Extracted data: Begin
(* Let $X$ be a paracompact topological space, let $Y$ be a Banach space, and let $f:X\to Y$ be a function. Then $f$ is Baire-1 if and only if there is a sequence $(G_n)_{n=1}^{\infty}$ of open strips in $X\times Y$ such that $\bigcap_{n=1}^{\infty}G_n=gr(f)$ and $diam(G_n(x))\to 0$ as $n\to\infty$ for each $x\in X$.
   Context: $gr(f)=\{(x,f(x)):x\in X\}\subseteq X\times Y$ is the graph of $f$. For $G\subseteq X\times Y$ and $x\in X$, the vertical section is $G(x)=\{y\in Y:(x,y)\in G\}$ (identified with $G\cap(\{x\}\times Y)$). An open strip is an open set $G\subseteq X\times Y$ such that $G(x)$ is convex for every $x\in X$. The diameter is taken with respect to the norm of $Y$. A function is Baire-0 if it is continuous, and for a countable ordinal $\alpha\ge 1$ it is Baire-$\alpha$ if it is the pointwise limit of a sequence of functions $f_n$, each Baire-$\alpha_n$ for some $\alpha_n<\alpha$; in particular, Baire-1 functions are pointwise limits of sequences of continuous functions. *)

theory Defs
  imports "HOL-Analysis.Analysis"
begin

text \<open>Paracompactness of the whole space (type): every open cover has a locally
  finite open refinement.  Hausdorffness is imposed separately via the class t2_space.\<close>
definition paracompact_space :: "'a::topological_space itself \<Rightarrow> bool" where
  "paracompact_space _ \<longleftrightarrow>
     (\<forall>\<U>::'a set set. (\<forall>U\<in>\<U>. open U) \<and> \<Union>\<U> = UNIV \<longrightarrow>
        (\<exists>\<V>::'a set set. (\<forall>V\<in>\<V>. open V) \<and> \<Union>\<V> = UNIV \<and>
              (\<forall>V\<in>\<V>. \<exists>U\<in>\<U>. V \<subseteq> U) \<and> locally_finite_in euclidean \<V>))"

definition baire1 :: "('a::topological_space \<Rightarrow> 'b::topological_space) \<Rightarrow> bool" where
  "baire1 f \<longleftrightarrow> (\<exists>g :: nat \<Rightarrow> 'a \<Rightarrow> 'b. (\<forall>n. continuous_on UNIV (g n)) \<and>
                                     (\<forall>x. (\<lambda>n. g n x) \<longlonglongrightarrow> f x))"

definition graph_of :: "('a \<Rightarrow> 'b) \<Rightarrow> ('a \<times> 'b) set" where
  "graph_of f = {(x, f x) | x. True}"

definition vsection :: "('a \<times> 'b) set \<Rightarrow> 'a \<Rightarrow> 'b set" where
  "vsection G x = {y. (x, y) \<in> G}"

definition open_strip :: "('a::topological_space \<times> 'b::real_normed_vector) set \<Rightarrow> bool" where
  "open_strip G \<longleftrightarrow> open G \<and> (\<forall>x. convex (vsection G x))"

text \<open>Diameter with values in the extended reals, so unbounded sets have diameter \<infinity>.\<close>
definition ediam :: "'b::metric_space set \<Rightarrow> ereal" where
  "ediam S = (SUP p\<in>S \<times> S. ereal (dist (fst p) (snd p)))"

end

theory Submission
  imports Defs
begin

text \<open>
  If \<open>f = lim g\<^sub>n\<close> with continuous \<open>g\<^sub>n\<close>, let the \<open>n\<close>-th strip be the union of the balls around
  \<open>g\<^sub>n(x)\<close> of radius \<open>d(g\<^sub>k(x), g\<^sub>m(x)) + 1/(n+1)\<close> for \<open>k, m \<ge> n\<close>. It is open, its sections are
  convex (concentric balls), contain \<open>f(x)\<close>, and shrink to \<open>f(x)\<close> because \<open>(g\<^sub>n(x))\<close> is Cauchy.

  Conversely, on a paracompact Hausdorff space an open set with nonempty convex sections has
  a continuous selection: a point chosen in the section over \<open>x\<close> stays in the set over a
  neighbourhood of \<open>x\<close>; refine these neighbourhoods to a locally finite open cover and glue
  the chosen points with a partition of unity, whose convex combinations stay in the sections.
  Selections \<open>g\<^sub>n\<close> of the strips \<open>G\<^sub>n\<close> converge to \<open>f\<close>, since \<open>g\<^sub>n(x)\<close> and \<open>f(x)\<close> both lie in
  \<open>G\<^sub>n(x)\<close>, whose diameter tends to \<open>0\<close>.
\<close>

lemma ediam_le_ereal:
  assumes "\<And>y z. y \<in> S \<Longrightarrow> z \<in> S \<Longrightarrow> dist y z \<le> r"
  shows "ediam S \<le> ereal r"
  unfolding ediam_def using assms by (auto intro!: SUP_least)

lemma dist_le_ediam:
  assumes "y \<in> S" "z \<in> S"
  shows "ereal (dist y z) \<le> ediam S"
  unfolding ediam_def using assms by (auto intro!: SUP_upper2[of "(y, z)"])

lemma ediam_nonneg:
  assumes "y \<in> S"
  shows "0 \<le> ediam S"
  using dist_le_ediam[OF assms assms] by (simp add: zero_ereal_def)

lemma tendsto_ediam_zeroI:
  assumes "\<And>n. y n \<in> S n"
    and "\<And>e. e > 0 \<Longrightarrow> eventually (\<lambda>n. \<forall>z\<in>S n. \<forall>w\<in>S n. dist z w \<le> e) sequentially"
  shows "(\<lambda>n. ediam (S n)) \<longlonglongrightarrow> 0"
proof (rule order_tendstoI)
  fix a :: ereal
  assume "a < 0"
  then show "eventually (\<lambda>n. a < ediam (S n)) sequentially"
    using ediam_nonneg[OF assms(1)] by (intro always_eventually allI) (rule order.strict_trans2)
next
  fix a :: ereal
  assume "0 < a"
  then obtain e where e: "0 < ereal e" "ereal e < a"
    using ereal_dense2 by blast
  have "eventually (\<lambda>n. \<forall>z\<in>S n. \<forall>w\<in>S n. dist z w \<le> e) sequentially"
    using assms(2) e(1) by simp
  then show "eventually (\<lambda>n. ediam (S n) < a) sequentially"
    by eventually_elim (use e(2) in \<open>auto intro: order.strict_trans1 ediam_le_ereal\<close>)
qed

lemma tendsto_dist_of_ediam_zero:
  assumes "(\<lambda>n. ediam (S n)) \<longlonglongrightarrow> 0" "\<And>n. y n \<in> S n" "\<And>n. z n \<in> S n"
  shows "(\<lambda>n. dist (y n) (z n)) \<longlonglongrightarrow> 0"
proof -
  have "(\<lambda>n. ereal (dist (y n) (z n))) \<longlonglongrightarrow> 0"
    by (rule tendsto_sandwich[OF _ _ tendsto_const assms(1)])
      (auto intro!: always_eventually dist_le_ediam assms(2,3))
  then show ?thesis
    by (simp add: zero_ereal_def)
qed
(* Every unweighted instance $(H,U,k)$ of the atomic two-stage facility location game (i.e. $w(v)=1$ for all $v\in V$; the feasibility sets $U(f)$ may be arbitrary) admits a subgame perfect equilibrium $(\mathbf{s},\sigma)$ in which the full client profile $\sigma$ is a full client equilibrium consisting of pure client profiles (i.e. $\sigma(\mathbf{s}')_{v,f}\in\{0,1\}$ for all FPPs $\mathbf{s}'$, clients $v$ and facilities $f$).
   Context: Atomic two-stage facility location game. An instance is a triple $(H,U,k)$: $H=(V,E,w)$ is a finite directed graph with vertex weights $w:V\to\mathbb{Q}_{>0}$; $F$ is a set of $k$ facility agents; $U:F\to 2^V$ assigns to each facility agent $f$ a set $U(f)\subseteq V$ of feasible locations. The vertices are simultaneously the clients and the possible locations. The instance is unweighted if $w(v)=1$ for all $v$. A facility placement profile (FPP) is a vector $\mathbf{s}=(s_f)_{f\in F}$ with $s_f\in U(f)$ (several facilities may choose the same vertex); $S$ denotes the set of all FPPs. For a client $v$ let $N(v)=\{v\}\cup\{u:(v,u)\in E\}$ and $N_{\mathbf{s}}(v)=\{f\in F: s_f\in N(v)\}$. A client profile for $\mathbf{s}$ is $\sigma(\mathbf{s})$, assigning to each client $v$ numbers $\sigma(\mathbf{s})_{v,f}\in[0,1]$ ($f\in F$) with $\sigma(\mathbf{s})_{v,f}=0$ for $f\notin N_{\mathbf{s}}(v)$ and $\sum_{f\in N_{\mathbf{s}}(v)}\sigma(\mathbf{s})_{v,f}=1$ whenever $N_{\mathbf{s}}(v)\neq\varnothing$ (a probability distribution over available facilities). A full client profile $\sigma$ specifies a client profile $\sigma(\mathbf{s}')$ for every $\mathbf{s}'\in S$. The load of facility $f$ is $\ell_f(\mathbf{s},\sigma)=\sum_{v\in V}\sigma(\mathbf{s})_{v,f}w(v)$. The cost of client $v$ is $L_v(\mathbf{s},\sigma)=w(v)+\sum_{f\in N_{\mathbf{s}}(v)}\sigma(\mathbf{s})_{v,f}\,\ell_{-v,f}(\mathbf{s},\sigma)$ where $\ell_{-v,f}(\mathbf{s},\sigma)=\sum_{u\neq v}\sigma(\mathbf{s})_{u,f}w(u)$. $\sigma(\mathbf{s})$ is a client equilibrium if no client $v$ can strictly decrease $L_v$ by unilaterally changing her own distribution to another feasible one; $\sigma$ is a full client equilibrium if $\sigma(\mathbf{s}')$ is a client equilibrium for every $\mathbf{s}'\in S$. A pair $(\mathbf{s},\sigma)$ is a subgame perfect equilibrium (SPE) if $\sigma$ is a full client equilibrium and there is no facility $f$ and location $s'_f\in U(f)$ with $\ell_f((s'_f,\mathbf{s}_{-f}),\sigma)>\ell_f(\mathbf{s},\sigma)$. *)

theory Defs
  imports Complex_Main "HOL-Library.FuncSet"
begin
definition schur :: "nat \<Rightarrow> (nat \<Rightarrow> nat \<Rightarrow> real) \<Rightarrow> nat \<Rightarrow> nat \<Rightarrow> real" where
  "schur p M i j = M (skip p i) (skip p j) - M (skip p i) p * M p (skip p j) / M p p"

lemma schur_symmetric:
  "p \<le> m \<Longrightarrow> symmetric_on {..<Suc m} M \<Longrightarrow> symmetric_on {..<m} (schur p M)"
  by (auto simp: symmetric_on_def schur_def skip_less_Suc)

lemma det_sparse_row:
  assumes "A \<in> carrier_mat (Suc m) (Suc m)" "p \<le> m" "\<And>j. j \<le> m \<Longrightarrow> j \<noteq> p \<Longrightarrow> A $$ (p, j) = 0"
  shows "det A = A $$ (p, p) * det (mat_delete A p p)"
proof -
  have "det A = (\<Sum>j<Suc m. A $$ (p, j) * cofactor A p j)"
    using assms by (intro laplace_expansion_row) auto
  also have "\<dots> = A $$ (p, p) * cofactor A p p"
    using assms by (subst sum.remove[of _ p]) (auto intro!: sum.neutral)
  finally show ?thesis by (simp add: cofactor_def)
qed

lemma det_sparse_column:
  assumes "A \<in> carrier_mat (Suc m) (Suc m)" "p \<le> m" "\<And>i. i \<le> m \<Longrightarrow> i \<noteq> p \<Longrightarrow> A $$ (i, p) = 0"
  shows "det A = A $$ (p, p) * det (mat_delete A p p)"
proof -
  have "det A = (\<Sum>i<Suc m. A $$ (i, p) * cofactor A i p)"
    using assms by (intro laplace_expansion_column) auto
  also have "\<dots> = A $$ (p, p) * cofactor A p p"
    using assms by (subst sum.remove[of _ p]) (auto intro!: sum.neutral)
  finally show ?thesis by (simp add: cofactor_def)
qed

lemma det_schur:
  assumes p: "p \<le> m" and Mp: "M p p \<noteq> 0"
  shows "det (mat (Suc m) (Suc m) (\<lambda>(i, j). M i j)) = M p p * det (mat m m (\<lambda>(i, j). schur p M i j))"
proof -
  define A where "A = mat (Suc m) (Suc m) (\<lambda>(i, j). M i j)"
  define L where "L = mat (Suc m) (Suc m)
    (\<lambda>(i, j). if i = j then 1 else if j = p then - M i p / M p p else 0 :: real)"
  define B where "B = mat (Suc m) (Suc m)
    (\<lambda>(i, j). if i = p then M p j else M i j - M i p / M p p * M p j)"
  have carrier: "A \<in> carrier_mat (Suc m) (Suc m)" "L \<in> carrier_mat (Suc m) (Suc m)"
    "B \<in> carrier_mat (Suc m) (Suc m)"
    by (simp_all add: A_def L_def B_def)
  have "det L = L $$ (p, p) * det (mat_delete L p p)"
    by (rule det_sparse_row[OF carrier(2) p]) (use p in \<open>simp add: L_def\<close>)
  also have "mat_delete L p p = 1\<^sub>m m"
    by (rule eq_matI) (auto simp: mat_delete_def L_def skip_def)
  finally have det_L: "det L = 1"
    using p by (simp add: L_def)
  have "L * A = B"
  proof (rule eq_matI)
    fix i j assume "i < dim_row B" "j < dim_col B"
    then have ij: "i < Suc m" "j < Suc m" by (auto simp: B_def)
    have "(L * A) $$ (i, j) = (\<Sum>k<Suc m. L $$ (i, k) * A $$ (k, j))"
      using ij carrier by (simp add: scalar_prod_def lessThan_atLeast0)
    also have "\<dots> = (\<Sum>k<Suc m. (if k = i then M i j else 0)
                                 + (if k = p \<and> i \<noteq> p then - M i p / M p p * M p j else 0))"
      using ij by (intro sum.cong) (auto simp: L_def A_def)
    also have "\<dots> = B $$ (i, j)"
      using ij p by (simp add: sum.distrib B_def)
    finally show "(L * A) $$ (i, j) = B $$ (i, j)" .
  qed (simp_all add: B_def L_def A_def)
  then have "det A = det B"
    using det_mult[OF carrier(2,1)] det_L by simp
  also have "\<dots> = B $$ (p, p) * det (mat_delete B p p)"
    by (rule det_sparse_column[OF carrier(3) p]) (use p Mp in \<open>simp add: B_def\<close>)
  also have "mat_delete B p p = mat m m (\<lambda>(i, j). schur p M i j)"
    by (rule eq_matI) (auto simp: mat_delete_def B_def schur_def skip_def)
  finally show ?thesis using p by (simp add: A_def B_def)
qed
text \<open>The contribution of two states to the variance of a function taking values 1 - m and -m
  there.\<close>
lemma two_point_variance_bound:
  fixes px py m :: real
  assumes px: "px > 0" and py: "py > 0"
  shows "px * py / (px + py) \<le> px * (1 - m) * (1 - m) + py * m * m"
proof -
  have "(px + py) * (px * (1 - m) * (1 - m) + py * m * m) - px * py =
      (px * (1 - m) - py * m) * (px * (1 - m) - py * m)"
    by (simp add: algebra_simps)
  hence "px * py \<le> (px + py) * (px * (1 - m) * (1 - m) + py * m * m)"
    using zero_le_square[of "px * (1 - m) - py * m"] by linarith
  thus ?thesis using px py by (simp add: field_simps)
qed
Extracted data: End
▶ _Exercise details_
Filter the lines above, keeping and copying those that contain "longleftrightarrow".

▶ _Expected output_
  "paracompact_space _ \<longleftrightarrow>
  "baire1 f \<longleftrightarrow> (\<exists>g :: nat \<Rightarrow> 'a \<Rightarrow> 'b. (\<forall>n. continuous_on UNIV (g n)) \<and>
  "open_strip G \<longleftrightarrow> open G \<and> (\<forall>x. convex (vsection G x))"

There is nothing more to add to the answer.